Problem to work on:
Below are entries; output exactly the lines from the one with "int) \<Rightarrow> 'f" to the one with "v p \<longleftrightarrow>", both included, and nothing else.

-- Supplied material follows --

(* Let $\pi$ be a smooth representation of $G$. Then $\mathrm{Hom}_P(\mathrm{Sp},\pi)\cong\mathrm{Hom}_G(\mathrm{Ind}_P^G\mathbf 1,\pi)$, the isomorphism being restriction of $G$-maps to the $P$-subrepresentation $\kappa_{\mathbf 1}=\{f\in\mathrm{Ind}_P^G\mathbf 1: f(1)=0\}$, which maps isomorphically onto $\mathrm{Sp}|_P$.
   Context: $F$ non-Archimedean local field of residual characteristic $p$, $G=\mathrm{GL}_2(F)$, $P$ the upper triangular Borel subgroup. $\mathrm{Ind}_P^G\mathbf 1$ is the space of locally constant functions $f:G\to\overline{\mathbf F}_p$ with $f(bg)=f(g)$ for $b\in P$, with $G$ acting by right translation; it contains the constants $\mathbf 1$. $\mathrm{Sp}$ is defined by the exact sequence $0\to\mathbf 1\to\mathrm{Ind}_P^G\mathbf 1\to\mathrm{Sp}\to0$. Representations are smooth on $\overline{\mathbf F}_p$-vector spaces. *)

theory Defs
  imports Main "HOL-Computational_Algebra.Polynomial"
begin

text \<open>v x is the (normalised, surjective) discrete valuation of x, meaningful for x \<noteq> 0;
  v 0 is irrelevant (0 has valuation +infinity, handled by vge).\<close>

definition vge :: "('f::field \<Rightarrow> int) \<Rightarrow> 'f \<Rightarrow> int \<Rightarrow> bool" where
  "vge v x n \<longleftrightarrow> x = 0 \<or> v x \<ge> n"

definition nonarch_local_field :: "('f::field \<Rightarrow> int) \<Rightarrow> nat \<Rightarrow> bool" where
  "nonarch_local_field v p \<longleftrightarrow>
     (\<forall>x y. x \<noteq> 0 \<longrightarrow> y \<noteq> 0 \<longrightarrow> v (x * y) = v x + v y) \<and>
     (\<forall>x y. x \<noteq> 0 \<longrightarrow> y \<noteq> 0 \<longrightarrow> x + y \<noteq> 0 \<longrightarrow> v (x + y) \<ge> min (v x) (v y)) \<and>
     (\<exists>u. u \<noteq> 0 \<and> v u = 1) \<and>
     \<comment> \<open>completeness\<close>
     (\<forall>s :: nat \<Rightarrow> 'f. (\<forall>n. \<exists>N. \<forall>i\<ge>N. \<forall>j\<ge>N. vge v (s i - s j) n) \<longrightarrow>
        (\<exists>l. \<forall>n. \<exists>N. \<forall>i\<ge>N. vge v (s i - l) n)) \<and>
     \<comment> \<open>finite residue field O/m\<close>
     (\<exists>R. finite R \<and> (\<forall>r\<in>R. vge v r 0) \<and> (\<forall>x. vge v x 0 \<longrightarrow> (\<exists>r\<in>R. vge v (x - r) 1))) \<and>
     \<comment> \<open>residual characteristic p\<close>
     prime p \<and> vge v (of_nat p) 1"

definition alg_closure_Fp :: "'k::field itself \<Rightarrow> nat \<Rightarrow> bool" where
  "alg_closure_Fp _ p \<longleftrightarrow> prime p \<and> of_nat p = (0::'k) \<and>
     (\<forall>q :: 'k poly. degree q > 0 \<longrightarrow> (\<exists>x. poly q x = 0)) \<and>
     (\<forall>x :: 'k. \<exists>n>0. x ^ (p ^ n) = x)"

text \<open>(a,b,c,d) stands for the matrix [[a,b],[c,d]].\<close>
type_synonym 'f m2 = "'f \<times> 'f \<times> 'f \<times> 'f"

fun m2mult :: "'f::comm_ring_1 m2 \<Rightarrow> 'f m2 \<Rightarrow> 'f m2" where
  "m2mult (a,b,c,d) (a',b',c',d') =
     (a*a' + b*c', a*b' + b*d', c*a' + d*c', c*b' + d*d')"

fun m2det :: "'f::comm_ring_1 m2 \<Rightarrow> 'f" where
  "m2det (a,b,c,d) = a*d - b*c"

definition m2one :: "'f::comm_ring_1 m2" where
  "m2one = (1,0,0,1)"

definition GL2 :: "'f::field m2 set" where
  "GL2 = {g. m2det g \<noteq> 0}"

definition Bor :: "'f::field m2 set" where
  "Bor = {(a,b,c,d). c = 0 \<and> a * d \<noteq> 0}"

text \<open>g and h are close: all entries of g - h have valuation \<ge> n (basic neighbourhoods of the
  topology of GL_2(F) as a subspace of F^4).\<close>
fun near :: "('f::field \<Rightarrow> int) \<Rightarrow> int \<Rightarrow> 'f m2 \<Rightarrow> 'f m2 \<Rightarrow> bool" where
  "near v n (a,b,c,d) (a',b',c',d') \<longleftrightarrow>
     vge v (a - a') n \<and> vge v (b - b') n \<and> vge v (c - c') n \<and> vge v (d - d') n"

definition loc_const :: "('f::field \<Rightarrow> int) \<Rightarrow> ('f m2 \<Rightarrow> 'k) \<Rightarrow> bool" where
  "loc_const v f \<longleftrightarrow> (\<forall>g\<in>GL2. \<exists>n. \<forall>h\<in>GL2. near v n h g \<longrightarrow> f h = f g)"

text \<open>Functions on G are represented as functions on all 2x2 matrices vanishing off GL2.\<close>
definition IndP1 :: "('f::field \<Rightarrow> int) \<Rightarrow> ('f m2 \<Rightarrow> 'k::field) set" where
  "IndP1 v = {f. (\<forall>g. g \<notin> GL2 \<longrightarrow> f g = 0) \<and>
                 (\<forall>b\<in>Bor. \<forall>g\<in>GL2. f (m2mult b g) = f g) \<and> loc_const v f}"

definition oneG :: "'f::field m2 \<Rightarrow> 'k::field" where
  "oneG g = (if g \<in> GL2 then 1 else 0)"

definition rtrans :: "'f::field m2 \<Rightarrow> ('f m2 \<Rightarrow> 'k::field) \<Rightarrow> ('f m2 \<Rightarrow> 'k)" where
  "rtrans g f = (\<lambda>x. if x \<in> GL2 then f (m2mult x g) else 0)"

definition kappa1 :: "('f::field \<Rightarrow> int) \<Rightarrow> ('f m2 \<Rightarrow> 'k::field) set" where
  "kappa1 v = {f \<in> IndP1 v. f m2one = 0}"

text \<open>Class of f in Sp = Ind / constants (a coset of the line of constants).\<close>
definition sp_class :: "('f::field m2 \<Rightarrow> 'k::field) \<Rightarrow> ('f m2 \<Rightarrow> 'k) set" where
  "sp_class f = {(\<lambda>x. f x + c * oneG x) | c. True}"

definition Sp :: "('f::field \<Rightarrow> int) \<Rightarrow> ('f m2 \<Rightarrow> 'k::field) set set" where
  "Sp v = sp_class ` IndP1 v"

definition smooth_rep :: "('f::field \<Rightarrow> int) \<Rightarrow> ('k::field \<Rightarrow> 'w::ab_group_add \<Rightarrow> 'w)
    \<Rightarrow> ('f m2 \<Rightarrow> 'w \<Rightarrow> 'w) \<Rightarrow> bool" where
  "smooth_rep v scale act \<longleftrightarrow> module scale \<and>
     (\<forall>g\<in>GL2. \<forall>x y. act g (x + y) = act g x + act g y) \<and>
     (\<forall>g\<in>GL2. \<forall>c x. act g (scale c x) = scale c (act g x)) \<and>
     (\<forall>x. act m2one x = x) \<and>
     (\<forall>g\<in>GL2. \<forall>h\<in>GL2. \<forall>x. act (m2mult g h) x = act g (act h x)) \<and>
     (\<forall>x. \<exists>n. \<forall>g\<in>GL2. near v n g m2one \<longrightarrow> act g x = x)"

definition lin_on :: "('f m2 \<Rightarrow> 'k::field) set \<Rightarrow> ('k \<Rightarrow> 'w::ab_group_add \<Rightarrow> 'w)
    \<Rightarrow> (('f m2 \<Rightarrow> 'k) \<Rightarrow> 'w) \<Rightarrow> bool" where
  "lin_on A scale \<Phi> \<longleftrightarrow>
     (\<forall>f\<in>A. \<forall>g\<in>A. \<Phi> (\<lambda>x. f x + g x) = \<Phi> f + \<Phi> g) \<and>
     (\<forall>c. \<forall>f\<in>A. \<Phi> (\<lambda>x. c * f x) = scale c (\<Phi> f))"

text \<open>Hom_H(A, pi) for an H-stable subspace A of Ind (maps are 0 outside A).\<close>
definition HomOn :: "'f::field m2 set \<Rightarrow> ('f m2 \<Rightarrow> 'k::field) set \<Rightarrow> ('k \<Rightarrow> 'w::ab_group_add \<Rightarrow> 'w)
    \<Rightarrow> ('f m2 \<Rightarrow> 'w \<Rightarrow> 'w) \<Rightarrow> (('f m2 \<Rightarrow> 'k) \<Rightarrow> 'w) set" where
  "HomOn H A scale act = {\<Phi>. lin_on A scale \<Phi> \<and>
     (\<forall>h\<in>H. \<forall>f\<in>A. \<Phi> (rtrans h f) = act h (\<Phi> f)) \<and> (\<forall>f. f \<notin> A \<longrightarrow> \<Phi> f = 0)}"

-- Supplied material concluded --

Task result:
definition vge :: "('f::field \<Rightarrow> int) \<Rightarrow> 'f \<Rightarrow> int \<Rightarrow> bool" where
  "vge v x n \<longleftrightarrow> x = 0 \<or> v x \<ge> n"

definition nonarch_local_field :: "('f::field \<Rightarrow> int) \<Rightarrow> nat \<Rightarrow> bool" where
  "nonarch_local_field v p \<longleftrightarrow>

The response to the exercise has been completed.